EXERCISE DETAILS
Below are entries. Reproduce exactly the lines between the line holding "A)) = mpow A (mindex A)" and the line holding "set \<Rightarrow> (complex", inclusive, and only those.

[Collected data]

--- START ---

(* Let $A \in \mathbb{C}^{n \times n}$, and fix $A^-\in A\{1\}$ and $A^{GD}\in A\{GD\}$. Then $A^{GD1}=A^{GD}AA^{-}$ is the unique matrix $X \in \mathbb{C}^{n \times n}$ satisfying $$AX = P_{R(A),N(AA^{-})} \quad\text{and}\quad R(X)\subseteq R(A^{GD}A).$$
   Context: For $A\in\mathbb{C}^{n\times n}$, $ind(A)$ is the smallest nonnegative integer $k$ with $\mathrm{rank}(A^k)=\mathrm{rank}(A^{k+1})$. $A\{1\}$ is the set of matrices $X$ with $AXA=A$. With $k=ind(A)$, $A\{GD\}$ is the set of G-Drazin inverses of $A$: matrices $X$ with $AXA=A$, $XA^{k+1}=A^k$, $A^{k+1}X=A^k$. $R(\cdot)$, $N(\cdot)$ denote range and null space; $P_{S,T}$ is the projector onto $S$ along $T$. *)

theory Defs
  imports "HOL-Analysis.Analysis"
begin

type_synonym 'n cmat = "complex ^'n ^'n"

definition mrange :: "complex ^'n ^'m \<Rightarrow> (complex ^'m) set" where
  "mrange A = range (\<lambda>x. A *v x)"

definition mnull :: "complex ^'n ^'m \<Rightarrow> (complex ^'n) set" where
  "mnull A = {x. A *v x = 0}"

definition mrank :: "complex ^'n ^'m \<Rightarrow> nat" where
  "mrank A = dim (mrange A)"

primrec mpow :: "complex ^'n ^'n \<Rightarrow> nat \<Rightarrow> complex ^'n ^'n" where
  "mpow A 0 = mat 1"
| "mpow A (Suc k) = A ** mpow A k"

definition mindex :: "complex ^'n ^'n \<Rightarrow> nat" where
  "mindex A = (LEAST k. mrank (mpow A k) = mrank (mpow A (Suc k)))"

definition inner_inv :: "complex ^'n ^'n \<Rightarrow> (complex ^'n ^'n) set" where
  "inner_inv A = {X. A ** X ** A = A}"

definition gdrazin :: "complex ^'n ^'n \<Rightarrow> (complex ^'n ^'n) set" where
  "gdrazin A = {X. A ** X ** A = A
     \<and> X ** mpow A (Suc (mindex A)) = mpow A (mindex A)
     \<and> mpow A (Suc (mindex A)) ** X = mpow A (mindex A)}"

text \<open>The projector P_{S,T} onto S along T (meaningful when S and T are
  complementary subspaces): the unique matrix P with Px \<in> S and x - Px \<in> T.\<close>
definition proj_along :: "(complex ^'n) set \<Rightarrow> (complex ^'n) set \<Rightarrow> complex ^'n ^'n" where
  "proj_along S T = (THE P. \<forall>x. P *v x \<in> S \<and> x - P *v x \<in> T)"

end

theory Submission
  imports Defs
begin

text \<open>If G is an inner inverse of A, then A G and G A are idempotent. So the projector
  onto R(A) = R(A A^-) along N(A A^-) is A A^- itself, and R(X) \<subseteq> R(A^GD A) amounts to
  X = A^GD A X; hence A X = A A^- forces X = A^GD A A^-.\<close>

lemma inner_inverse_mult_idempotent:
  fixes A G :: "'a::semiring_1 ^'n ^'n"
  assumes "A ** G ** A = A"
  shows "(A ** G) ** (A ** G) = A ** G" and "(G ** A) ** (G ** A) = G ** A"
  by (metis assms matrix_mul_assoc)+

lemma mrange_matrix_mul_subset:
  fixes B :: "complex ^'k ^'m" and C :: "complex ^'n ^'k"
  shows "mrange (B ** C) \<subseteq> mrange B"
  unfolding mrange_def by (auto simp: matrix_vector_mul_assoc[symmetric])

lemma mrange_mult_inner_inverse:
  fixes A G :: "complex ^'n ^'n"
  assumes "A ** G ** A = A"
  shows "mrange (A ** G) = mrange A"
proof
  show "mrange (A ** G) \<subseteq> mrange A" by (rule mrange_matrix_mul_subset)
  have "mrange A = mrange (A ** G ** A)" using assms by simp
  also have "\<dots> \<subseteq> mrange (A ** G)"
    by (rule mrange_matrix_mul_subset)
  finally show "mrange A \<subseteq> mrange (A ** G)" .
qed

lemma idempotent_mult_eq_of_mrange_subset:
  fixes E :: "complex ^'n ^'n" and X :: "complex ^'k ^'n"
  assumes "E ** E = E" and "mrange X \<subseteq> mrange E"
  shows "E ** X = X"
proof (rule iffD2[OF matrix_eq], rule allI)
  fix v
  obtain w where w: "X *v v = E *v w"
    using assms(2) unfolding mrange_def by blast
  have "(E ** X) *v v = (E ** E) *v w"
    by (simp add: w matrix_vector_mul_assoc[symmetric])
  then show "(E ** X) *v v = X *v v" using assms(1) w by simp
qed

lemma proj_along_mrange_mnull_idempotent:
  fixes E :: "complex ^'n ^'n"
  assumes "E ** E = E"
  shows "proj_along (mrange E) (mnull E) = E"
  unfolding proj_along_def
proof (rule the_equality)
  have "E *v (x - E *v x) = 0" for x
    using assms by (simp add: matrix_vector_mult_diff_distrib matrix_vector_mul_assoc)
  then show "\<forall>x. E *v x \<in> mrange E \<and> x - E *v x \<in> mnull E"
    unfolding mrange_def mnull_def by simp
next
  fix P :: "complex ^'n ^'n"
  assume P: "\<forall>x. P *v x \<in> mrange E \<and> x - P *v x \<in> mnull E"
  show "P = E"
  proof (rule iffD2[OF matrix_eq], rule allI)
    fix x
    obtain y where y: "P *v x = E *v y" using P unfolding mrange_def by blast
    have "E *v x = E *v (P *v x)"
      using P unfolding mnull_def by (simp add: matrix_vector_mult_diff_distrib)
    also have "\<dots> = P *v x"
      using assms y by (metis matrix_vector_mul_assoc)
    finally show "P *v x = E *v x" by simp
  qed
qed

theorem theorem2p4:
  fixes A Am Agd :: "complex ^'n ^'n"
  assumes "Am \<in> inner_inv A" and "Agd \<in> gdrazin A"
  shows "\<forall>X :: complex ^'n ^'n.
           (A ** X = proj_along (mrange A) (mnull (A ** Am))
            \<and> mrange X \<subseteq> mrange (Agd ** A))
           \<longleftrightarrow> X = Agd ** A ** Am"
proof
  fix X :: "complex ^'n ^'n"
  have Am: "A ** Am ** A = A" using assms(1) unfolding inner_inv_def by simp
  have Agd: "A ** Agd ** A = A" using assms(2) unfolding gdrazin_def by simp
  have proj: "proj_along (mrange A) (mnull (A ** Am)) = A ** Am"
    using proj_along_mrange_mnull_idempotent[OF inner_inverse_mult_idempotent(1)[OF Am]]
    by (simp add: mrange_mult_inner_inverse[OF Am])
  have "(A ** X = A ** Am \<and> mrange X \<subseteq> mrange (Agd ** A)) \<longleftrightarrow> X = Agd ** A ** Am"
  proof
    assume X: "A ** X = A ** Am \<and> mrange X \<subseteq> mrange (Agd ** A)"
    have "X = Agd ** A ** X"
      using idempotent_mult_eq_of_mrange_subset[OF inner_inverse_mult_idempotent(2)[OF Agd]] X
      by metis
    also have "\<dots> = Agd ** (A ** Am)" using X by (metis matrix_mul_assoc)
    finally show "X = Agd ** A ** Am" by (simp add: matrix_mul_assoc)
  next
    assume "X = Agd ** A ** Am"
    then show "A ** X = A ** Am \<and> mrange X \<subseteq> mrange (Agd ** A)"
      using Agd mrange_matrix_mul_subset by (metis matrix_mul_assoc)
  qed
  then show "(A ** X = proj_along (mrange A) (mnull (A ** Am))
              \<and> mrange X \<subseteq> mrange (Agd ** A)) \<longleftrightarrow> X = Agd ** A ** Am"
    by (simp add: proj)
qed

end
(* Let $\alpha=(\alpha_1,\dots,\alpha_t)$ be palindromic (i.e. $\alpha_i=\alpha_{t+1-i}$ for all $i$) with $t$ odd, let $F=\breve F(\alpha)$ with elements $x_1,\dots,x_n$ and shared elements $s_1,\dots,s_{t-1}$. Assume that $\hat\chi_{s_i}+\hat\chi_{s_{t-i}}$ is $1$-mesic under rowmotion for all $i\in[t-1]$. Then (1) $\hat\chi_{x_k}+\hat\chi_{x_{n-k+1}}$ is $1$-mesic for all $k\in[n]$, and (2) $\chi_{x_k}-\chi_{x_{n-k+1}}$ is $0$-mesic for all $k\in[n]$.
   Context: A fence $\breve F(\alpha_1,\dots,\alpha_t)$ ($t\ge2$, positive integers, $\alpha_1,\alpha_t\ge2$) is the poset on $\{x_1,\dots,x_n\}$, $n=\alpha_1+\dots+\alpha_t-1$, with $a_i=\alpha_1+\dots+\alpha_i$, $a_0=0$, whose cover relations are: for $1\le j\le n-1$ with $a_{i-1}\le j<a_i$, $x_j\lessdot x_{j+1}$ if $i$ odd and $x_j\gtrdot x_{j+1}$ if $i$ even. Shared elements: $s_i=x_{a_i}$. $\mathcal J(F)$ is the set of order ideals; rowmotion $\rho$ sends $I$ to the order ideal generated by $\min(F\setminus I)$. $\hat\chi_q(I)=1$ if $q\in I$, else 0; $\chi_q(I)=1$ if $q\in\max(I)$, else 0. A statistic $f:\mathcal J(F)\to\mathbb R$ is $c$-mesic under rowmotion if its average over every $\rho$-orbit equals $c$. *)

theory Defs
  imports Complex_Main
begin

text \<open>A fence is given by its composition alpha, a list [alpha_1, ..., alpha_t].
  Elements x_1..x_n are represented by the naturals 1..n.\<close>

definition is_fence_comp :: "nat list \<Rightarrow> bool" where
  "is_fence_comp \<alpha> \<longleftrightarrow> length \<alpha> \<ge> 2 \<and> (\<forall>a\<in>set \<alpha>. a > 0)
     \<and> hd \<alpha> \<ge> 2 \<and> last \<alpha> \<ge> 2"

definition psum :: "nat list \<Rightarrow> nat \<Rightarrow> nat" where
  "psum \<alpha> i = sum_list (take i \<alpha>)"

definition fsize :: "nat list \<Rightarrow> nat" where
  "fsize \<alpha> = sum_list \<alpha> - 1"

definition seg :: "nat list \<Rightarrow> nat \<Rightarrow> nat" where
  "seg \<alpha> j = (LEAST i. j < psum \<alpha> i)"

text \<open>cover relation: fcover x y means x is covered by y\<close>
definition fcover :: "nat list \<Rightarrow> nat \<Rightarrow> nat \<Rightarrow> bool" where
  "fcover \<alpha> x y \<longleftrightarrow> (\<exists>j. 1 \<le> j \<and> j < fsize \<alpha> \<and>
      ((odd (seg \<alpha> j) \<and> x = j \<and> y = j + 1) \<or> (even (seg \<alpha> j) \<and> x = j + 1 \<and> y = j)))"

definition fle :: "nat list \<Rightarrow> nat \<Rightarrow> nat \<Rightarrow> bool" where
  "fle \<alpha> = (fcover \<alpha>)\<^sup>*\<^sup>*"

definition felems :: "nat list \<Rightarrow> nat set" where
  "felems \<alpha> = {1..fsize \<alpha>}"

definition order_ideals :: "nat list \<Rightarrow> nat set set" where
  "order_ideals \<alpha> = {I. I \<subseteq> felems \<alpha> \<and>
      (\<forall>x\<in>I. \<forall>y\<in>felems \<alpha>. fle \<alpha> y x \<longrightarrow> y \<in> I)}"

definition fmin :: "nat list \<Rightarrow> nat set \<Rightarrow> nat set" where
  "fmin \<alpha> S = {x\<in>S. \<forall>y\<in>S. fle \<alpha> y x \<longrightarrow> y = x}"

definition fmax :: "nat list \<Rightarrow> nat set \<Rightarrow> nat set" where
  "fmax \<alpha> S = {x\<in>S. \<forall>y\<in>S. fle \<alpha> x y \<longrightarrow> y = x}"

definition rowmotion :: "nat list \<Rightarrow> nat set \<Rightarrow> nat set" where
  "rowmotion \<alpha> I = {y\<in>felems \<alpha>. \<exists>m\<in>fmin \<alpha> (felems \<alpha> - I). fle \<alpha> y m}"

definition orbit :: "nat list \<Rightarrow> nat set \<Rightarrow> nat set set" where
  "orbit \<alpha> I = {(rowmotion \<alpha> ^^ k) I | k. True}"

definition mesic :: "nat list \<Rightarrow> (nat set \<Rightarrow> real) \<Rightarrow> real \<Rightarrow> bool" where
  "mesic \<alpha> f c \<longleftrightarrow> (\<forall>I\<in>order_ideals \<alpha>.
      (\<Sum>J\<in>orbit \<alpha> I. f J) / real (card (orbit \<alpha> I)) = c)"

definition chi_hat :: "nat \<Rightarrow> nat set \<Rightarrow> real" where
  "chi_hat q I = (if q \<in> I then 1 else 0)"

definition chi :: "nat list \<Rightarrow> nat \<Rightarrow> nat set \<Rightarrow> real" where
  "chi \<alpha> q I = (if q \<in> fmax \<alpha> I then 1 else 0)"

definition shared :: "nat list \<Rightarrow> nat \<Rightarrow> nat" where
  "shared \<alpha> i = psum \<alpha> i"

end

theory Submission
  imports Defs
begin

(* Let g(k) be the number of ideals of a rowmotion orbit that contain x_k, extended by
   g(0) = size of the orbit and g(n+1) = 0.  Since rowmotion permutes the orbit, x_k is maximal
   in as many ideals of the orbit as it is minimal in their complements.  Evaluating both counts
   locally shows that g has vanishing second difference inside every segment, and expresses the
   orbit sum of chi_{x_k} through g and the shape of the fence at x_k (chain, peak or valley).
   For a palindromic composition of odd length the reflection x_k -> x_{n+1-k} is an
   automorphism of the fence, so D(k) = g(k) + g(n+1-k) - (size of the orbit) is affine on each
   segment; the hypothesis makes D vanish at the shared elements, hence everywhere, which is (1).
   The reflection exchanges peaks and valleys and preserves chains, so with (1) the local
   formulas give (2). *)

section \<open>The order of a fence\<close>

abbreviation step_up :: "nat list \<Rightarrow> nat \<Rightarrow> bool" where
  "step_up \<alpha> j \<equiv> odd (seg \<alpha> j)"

--- END ---

ANSWER
     \<and> X ** mpow A (Suc (mindex A)) = mpow A (mindex A)
     \<and> mpow A (Suc (mindex A)) ** X = mpow A (mindex A)}"

text \<open>The projector P_{S,T} onto S along T (meaningful when S and T are
  complementary subspaces): the unique matrix P with Px \<in> S and x - Px \<in> T.\<close>
definition proj_along :: "(complex ^'n) set \<Rightarrow> (complex ^'n) set \<Rightarrow> complex ^'n ^'n" where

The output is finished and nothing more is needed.